9.13.2014

Kembang Tahu Emas

Belakangan ini ramai cerita tentang pengalaman pahit makan dengan harga selangit. Apalagi di tempat rekreasi/wisata, atau rumah makan persinggahan bus. Wih, jangan berani-berani sembarangan jajan, bisa-bisa kantong tercabik-cabik...

Solusinya,
lebih baik bawa bekal sendiri. Harga murah dan lebih terjamin. Hanya saja biasanya kalau tidak sempat ya, mau tidak mau beli di luar juga. Kalau sudah begini, biasakan bertanya harga dulu sebelum membeli. Sebodo amat lah dibilang pelit atau kere. Duit duit kita, ya terserah kita mau membelanjakan untuk apa dan seperti apa. Ya nggak? ;)
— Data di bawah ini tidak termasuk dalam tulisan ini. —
(* Let $n$, $q\ge2$ be integers and $a\in[1:n]$, $\nu=\lceil(n+1)/a\rceil$. Suppose $\mathbf{l}=(l_1,\dots,l_{q-1})$ and $\mathbf{l}'=(l_1',\dots,l_{q-1}')$ are adjacent elements of $V=\{\mathbf{m}\in[1:\nu]^{q-1}:\sum_im_i\le\frac na+q-1\}$. Then every $\mathbf{t}\in C_{\mathbf{l}}$ and $\mathbf{t}'\in C_{\mathbf{l}'}$ satisfy $d_{\mathrm c}(\mathbf{t},\mathbf{t}')\le\frac a2(2q+1)$.
   Context: $\mathcal{N}_{q,n}=\{\mathbf{t}\in\mathbb{Z}_{\ge0}^q:\sum t_i=n\}$; $C_{\mathbf{l}}=\{\mathbf{t}\in\mathcal{N}_{q,n}:(l_i-1)a\le t_i\le l_ia-1\ \forall i\in[1:q-1]\}$. Two distinct $\mathbf{l},\mathbf{l}'$ are adjacent if either all coordinates agree except one, where they differ by exactly $1$, or all coordinates agree except two indexed by $k,j$, where $l_k=l_k'+1$ and $l_j=l_j'-1$. $d_{\mathrm c}(\mathbf{t},\mathbf{t}')=\frac12\sum_{i=1}^q|t_i-t_i'|$. *)

theory Defs
  imports Complex_Main
begin

text \<open>Vectors indexed by [1:q] (resp. [1:q-1]) are represented as functions
  nat \<Rightarrow> int; only the values on the index range matter.\<close>

definition simplex_pts :: "nat \<Rightarrow> nat \<Rightarrow> (nat \<Rightarrow> int) set" where
  "simplex_pts q n = {t. (\<forall>i\<in>{1..q}. t i \<ge> 0) \<and> (\<Sum>i=1..q. t i) = int n}"

definition cell :: "nat \<Rightarrow> nat \<Rightarrow> nat \<Rightarrow> (nat \<Rightarrow> int) \<Rightarrow> (nat \<Rightarrow> int) set" where
  "cell q n a l = {t \<in> simplex_pts q n.
      \<forall>i\<in>{1..q-1}. (l i - 1) * int a \<le> t i \<and> t i \<le> l i * int a - 1}"

definition adjacent :: "nat \<Rightarrow> (nat \<Rightarrow> int) \<Rightarrow> (nat \<Rightarrow> int) \<Rightarrow> bool" where
  "adjacent q l l' \<longleftrightarrow>
     (\<exists>i\<in>{1..q-1}. l i \<noteq> l' i) \<and>
     ((\<exists>k\<in>{1..q-1}. \<bar>l k - l' k\<bar> = 1 \<and> (\<forall>i\<in>{1..q-1}. i \<noteq> k \<longrightarrow> l i = l' i)) \<or>
      (\<exists>k\<in>{1..q-1}. \<exists>j\<in>{1..q-1}. k \<noteq> j \<and> l k = l' k + 1 \<and> l j = l' j - 1 \<and>
          (\<forall>i\<in>{1..q-1}. i \<noteq> k \<and> i \<noteq> j \<longrightarrow> l i = l' i)))"

definition d_c :: "nat \<Rightarrow> (nat \<Rightarrow> int) \<Rightarrow> (nat \<Rightarrow> int) \<Rightarrow> real" where
  "d_c q t t' = (1/2) * (\<Sum>i=1..q. real_of_int \<bar>t i - t' i\<bar>)"

definition nu :: "nat \<Rightarrow> nat \<Rightarrow> int" where
  "nu n a = \<lceil>(real n + 1) / real a\<rceil>"

definition Vset :: "nat \<Rightarrow> nat \<Rightarrow> nat \<Rightarrow> (nat \<Rightarrow> int) set" where
  "Vset q n a = {m. (\<forall>i\<in>{1..q-1}. 1 \<le> m i \<and> m i \<le> nu n a) \<and>
      real_of_int (\<Sum>i=1..q-1. m i) \<le> real n / real a + real q - 1}"

end

theory Submission
  imports Defs
begin

text \<open>On each of the first q-1 coordinates a cell is a window of length a, so
  t i - t' i differs from a (l i - l' i) by at most a - 1. The last coordinate is
  determined by the others, since both points have coordinate sum n. Adjacency
  means \<Sum>|l i - l' i| + |\<Sum>(l i - l' i)| \<le> 2, hence
  2 d_c(t,t') \<le> 2 (q-1)(a-1) + 2a \<le> 2qa.\<close>

lemma cell_coordinate_offset:
  assumes "t \<in> cell q n a l" and "t' \<in> cell q n a l'" and "i \<in> {1..q-1}"
  shows "\<bar>(t i - t' i) - int a * (l i - l' i)\<bar> \<le> int a - 1"
proof -
  have "(l i - 1) * int a \<le> t i" "t i \<le> l i * int a - 1"
    "(l' i - 1) * int a \<le> t' i" "t' i \<le> l' i * int a - 1"
    using assms unfolding cell_def by auto
  then show ?thesis by (auto simp: algebra_simps)
qed

lemma sum_abs_diff_simplex_pts:
  assumes "t \<in> simplex_pts q n" and "t' \<in> simplex_pts q n" and "q \<ge> 1"
  shows "(\<Sum>i=1..q. \<bar>t i - t' i\<bar>) =
    (\<Sum>i=1..q-1. \<bar>t i - t' i\<bar>) + \<bar>\<Sum>i=1..q-1. t i - t' i\<bar>"
proof -
  have split: "(\<Sum>i=1..q. f i) = (\<Sum>i=1..q-1. f i) + f q" for f :: "nat \<Rightarrow> int"
    using \<open>q \<ge> 1\<close> by (cases q) (auto simp: add.commute)
  have "(\<Sum>i=1..q. t i - t' i) = 0"
    using assms(1,2) by (simp add: simplex_pts_def sum_subtractf)
  then have "t q - t' q = - (\<Sum>i=1..q-1. t i - t' i)"
    using split[of "\<lambda>i. t i - t' i"] by simp
  then show ?thesis
    using split[of "\<lambda>i. \<bar>t i - t' i\<bar>"] by simp
qed

lemma adjacent_sum_abs_diff_le_2:
  assumes "adjacent q l l'"
  shows "(\<Sum>i=1..q-1. \<bar>l i - l' i\<bar>) + \<bar>\<Sum>i=1..q-1. l i - l' i\<bar> \<le> 2"
proof -
  define S where "S = {1..q-1}"
  have sum_supp: "(\<Sum>i\<in>S. f i) = (\<Sum>i\<in>K. f i)" if "K \<subseteq> S" "\<forall>i\<in>S - K. f i = 0"
    for K and f :: "nat \<Rightarrow> int"
    using sum.mono_neutral_right[OF _ that] by (simp add: S_def)
  consider
      k where "k \<in> S" "\<bar>l k - l' k\<bar> = 1" "\<forall>i\<in>S. i \<noteq> k \<longrightarrow> l i = l' i"
    | k j where "k \<in> S" "j \<in> S" "k \<noteq> j" "l k = l' k + 1" "l j = l' j - 1"
        "\<forall>i\<in>S. i \<noteq> k \<and> i \<noteq> j \<longrightarrow> l i = l' i"
    using assms unfolding adjacent_def S_def by blast
  then show ?thesis
  proof cases
    case 1
    then have "(\<Sum>i\<in>S. f (l i - l' i)) = f (l k - l' k)" if "f 0 = 0" for f :: "int \<Rightarrow> int"
      using sum_supp[of "{k}"] that by auto
    from this[of abs] this[of id] 1(2) show ?thesis unfolding S_def by simp
  next
    case 2
    then have "(\<Sum>i\<in>S. f (l i - l' i)) = f 1 + f (-1)" if "f 0 = 0" for f :: "int \<Rightarrow> int"
      using sum_supp[of "{k, j}"] that by auto
    from this[of abs] this[of id] show ?thesis unfolding S_def by simp
  qed
qed

text \<open>The sum of the |x i| plus |\<Sum> x i| is the l1-norm of x extended by the
  coordinate -\<Sum> x i; the bound is the triangle inequality for that norm.\<close>

lemma sum_abs_plus_abs_sum_le:
  fixes x d :: "'a \<Rightarrow> int"
  assumes "finite S" and "c \<ge> 0" and "\<And>i. i \<in> S \<Longrightarrow> \<bar>x i - c * d i\<bar> \<le> e"
  shows "(\<Sum>i\<in>S. \<bar>x i\<bar>) + \<bar>\<Sum>i\<in>S. x i\<bar> \<le>
    2 * (int (card S) * e) + c * ((\<Sum>i\<in>S. \<bar>d i\<bar>) + \<bar>\<Sum>i\<in>S. d i\<bar>)"
proof -
  have sum_e: "(\<Sum>i\<in>S. \<bar>x i - c * d i\<bar>) \<le> int (card S) * e"
    using sum_mono[of S "\<lambda>i. \<bar>x i - c * d i\<bar>" "\<lambda>_. e"] assms(3) by simp
  have "(\<Sum>i\<in>S. \<bar>x i\<bar>) \<le> (\<Sum>i\<in>S. \<bar>x i - c * d i\<bar> + c * \<bar>d i\<bar>)"
  proof (rule sum_mono)
    fix i
    have "\<bar>x i\<bar> \<le> \<bar>x i - c * d i\<bar> + \<bar>c * d i\<bar>"
      using abs_triangle_ineq[of "x i - c * d i" "c * d i"] by simp
    then show "\<bar>x i\<bar> \<le> \<bar>x i - c * d i\<bar> + c * \<bar>d i\<bar>"
      using \<open>c \<ge> 0\<close> by (simp add: abs_mult)
  qed
  also have "\<dots> = (\<Sum>i\<in>S. \<bar>x i - c * d i\<bar>) + c * (\<Sum>i\<in>S. \<bar>d i\<bar>)"
    by (simp add: sum.distrib sum_distrib_left)
  finally have abs_sum: "(\<Sum>i\<in>S. \<bar>x i\<bar>) \<le> int (card S) * e + c * (\<Sum>i\<in>S. \<bar>d i\<bar>)"
    using sum_e by linarith
  have "(\<Sum>i\<in>S. x i) = (\<Sum>i\<in>S. x i - c * d i) + c * (\<Sum>i\<in>S. d i)"
    by (simp add: sum_subtractf sum_distrib_left)
  then have "\<bar>\<Sum>i\<in>S. x i\<bar> \<le> \<bar>\<Sum>i\<in>S. x i - c * d i\<bar> + c * \<bar>\<Sum>i\<in>S. d i\<bar>"
    using \<open>c \<ge> 0\<close> abs_triangle_ineq by (metis abs_mult abs_of_nonneg)
  also have "\<dots> \<le> int (card S) * e + c * \<bar>\<Sum>i\<in>S. d i\<bar>"
    using sum_abs[of "\<lambda>i. x i - c * d i" S] sum_e by linarith
  finally show ?thesis
    using abs_sum by (simp add: algebra_simps)
qed

theorem lemma13:
  fixes n q a :: nat and l l' t t' :: "nat \<Rightarrow> int"
  assumes "q \<ge> 2" and "1 \<le> a" and "a \<le> n"
    and "l \<in> Vset q n a" and "l' \<in> Vset q n a" and "adjacent q l l'"
    and "t \<in> cell q n a l" and "t' \<in> cell q n a l'"
  shows "d_c q t t' \<le> real a / 2 * (2 * real q + 1)"
proof -
  have simplex: "t \<in> simplex_pts q n" "t' \<in> simplex_pts q n"
    using assms(7,8) by (auto simp: cell_def)
  have offset: "\<forall>i\<in>{1..q-1}. \<bar>(t i - t' i) - int a * (l i - l' i)\<bar> \<le> int a - 1"
    using cell_coordinate_offset[OF assms(7,8)] by blast
  have "(\<Sum>i=1..q. \<bar>t i - t' i\<bar>) =
      (\<Sum>i=1..q-1. \<bar>t i - t' i\<bar>) + \<bar>\<Sum>i=1..q-1. t i - t' i\<bar>"
    using sum_abs_diff_simplex_pts[OF simplex] \<open>q \<ge> 2\<close> by simp
  also have "\<dots> \<le> 2 * (int (card {1..q-1}) * (int a - 1)) +
      int a * ((\<Sum>i=1..q-1. \<bar>l i - l' i\<bar>) + \<bar>\<Sum>i=1..q-1. l i - l' i\<bar>)"
    using offset by (intro sum_abs_plus_abs_sum_le) auto
  also have "\<dots> \<le> 2 * (int (q - 1) * (int a - 1)) + int a * 2"
    using adjacent_sum_abs_diff_le_2[OF assms(6)] by (simp add: mult_left_mono)
  also have "\<dots> \<le> int a * (2 * int q + 1)"
    using assms(1,2) by (simp add: of_nat_diff algebra_simps)
  finally have "real_of_int (\<Sum>i=1..q. \<bar>t i - t' i\<bar>) \<le> real_of_int (int a * (2 * int q + 1))"
    by (simp only: of_int_le_iff)
  then show ?thesis
    unfolding d_c_def by simp
qed

end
Saya selalu ingat nasihat Bapa', jangan pernah singgah di tempat makan yang tidak ada harganya, kecuali kalau sudah langganan. Semakin ramai suatu tempat rekreasi, kita justru harus semakin hati-hati. Hati-hati copet dan hati-hati ditipu penjual nakal yang mematok harga yang kelewatan. Berdagang tentu mau untung, tapi kalau sampai 3 atau 4 kali lipat dari harga normal, hmmmm... Nggak 2 kali deh!

Untungnya sekarang zaman sudah lebih informatif. Kalau jadi korban, kita bisa foto lokasinya dan sebarkan agar teman-teman kita tidak menjadi korban juga. Dan biar pedagang nakalnya kapok dan ingat: semua perbuatan pasti ada konsekuensi...
#judulnya "sama-sama kapok" :D Sip

Dulu kalau liburan, saya dan keluarga sering ke Sambas. Di perjalanan pasti singgah karena lumayan, kurang lebih 5 jam kalau sambil santai dan tidak buru-buru. Nah, karena santai, banyak juga berhenti istirahatnya. Apalagi yang bisa mengendarai mobil cuma Bapa', jadi seringnya singgah di warung kopi yang berjejer di pinggir jalan. Kalau tidak hati-hati, bisa tuh, kena harga kopi mahal. Untungnya Bapa' tahu beberapa tempat yang harganya wajar dan rasanya juga wajar. Mungkin karena Bapa' orang lapangan yang sering keluar kota, jadi tahu hal-hal seperti itu.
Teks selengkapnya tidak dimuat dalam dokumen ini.